Python library containing BART query generation and BERT-based Siamese models for neural retrieval.

Overview

Neural Retrieval

License

Embedding-based Zero-shot Retrieval through Query Generation leverages query synthesis over large corpuses of unlabeled text (such as Wikipedia) to pre-train siamese neural retrieval models. The resulting models significantly improve over previous BM25 baselines as well as state-of-the-art neural methods.

This package provides support for leveraging BART-large for query synthesis as well as code for training and finetuning a transformer based neural retriever. We also provide pre-generated synthetic queries on Wikipedia, and relevant pre-trained models that are obtainable through our download scripts.

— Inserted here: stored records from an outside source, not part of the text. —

definition bilinear2 :: "int \<Rightarrow> int \<Rightarrow> int \<Rightarrow> K" where
  "bilinear2 n m N =
     (q powi (4*n+4*m) * alpha Q 0 ^ 4 * alpha Q 2 powi (-4) - q powi (-8*n+4*m-4) * alpha Q 0 powi (-4) * alpha Q 1 ^ 4)
       * (tauNM T1 T2 T4 n m N) ^ 2
     + q powi (-2*n+m-1) * inverse (alpha Q 0) * alpha Q 1 * tauNM T1 T2 T4 (n+1) m N * tauNM T1 T2 T4 (n-1) m N
     - q powi (n+m) * alpha Q 0 * inverse (alpha Q 2) * tauNM T1 T2 T4 (n+1) (m+1) N * tauNM T1 T2 T4 (n-1) (m-1) N"

definition bilinear3 :: "int \<Rightarrow> int \<Rightarrow> int \<Rightarrow> K" where
  "bilinear3 n m N =
     (q powi (-8*n+4*m-4) * alpha Q 0 powi (-4) * alpha Q 1 ^ 4 - q powi (4*n-8*m+4) * alpha Q 1 powi (-4) * alpha Q 2 ^ 4)
       * (tauNM T1 T2 T4 n m N) ^ 2
     - q powi (-2*n+m-1) * inverse (alpha Q 0) * alpha Q 1 * tauNM T1 T2 T4 (n+1) m N * tauNM T1 T2 T4 (n-1) m N
     + q powi (n-2*m+1) * inverse (alpha Q 1) * alpha Q 2 * tauNM T1 T2 T4 n (m+1) N * tauNM T1 T2 T4 n (m-1) N"

lemma bilinear3_eq: "bilinear3 n m N = - bilinear1 n m N - bilinear2 n m N"
  by (simp add: bilinear1_def bilinear2_def bilinear3_def algebra_simps)

lemma bilinear1_origin: "bilinear1 0 0 0 = 0"
  unfolding bilinear1_def
  by (simp add: tau_near_origin alpha_def rational_images field_aut_simps monomial_images
      field_aut_generators power_int_minus;
      simp add: field_simps X_q_nonzero; algebra)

Paper: Davis Liang*, Peng Xu*, Siamak Shakeri, Cicero Nogueira dos Santos, Ramesh Nallapati, Zhiheng Huang, Bing Xiang, Embedding-based Zero-shot Retrieval through Query Generation, 2020.

Getting Started

dependencies:

pip install torch torchvision transformers tqdm

running setup

python setup.py install --user

Package Version
torch >=1.6.0
transformers >=3.0.2
tqdm 4.43.0

WikiGQ dataset and Pretrained Neural Retrieval Model

  • WikiGQ: We process the Wikipedia 2016 dump and split it into passages of maximum length 100 with respecting the sentence boundaries. We synthesis over 100M synthetic queries using BART-large models. The split passages and synthetic queries files can be downloaded from here.
  • Siamese-BERT-base-model: We release our siamese-bert-base-model trained on WikiGQ dataset. The model files can be downloaded from here.

Training and Evaluation

Example: Natural Questions (NQ)

Here we take an example on Natural Questions data. Please download the simplified version of the training set and also use supplied simplify_nq_example function in simplify_nq_data.py to create the simplified dev set as well.

process the data

We provide the python script to convert the data into the format our model consumes.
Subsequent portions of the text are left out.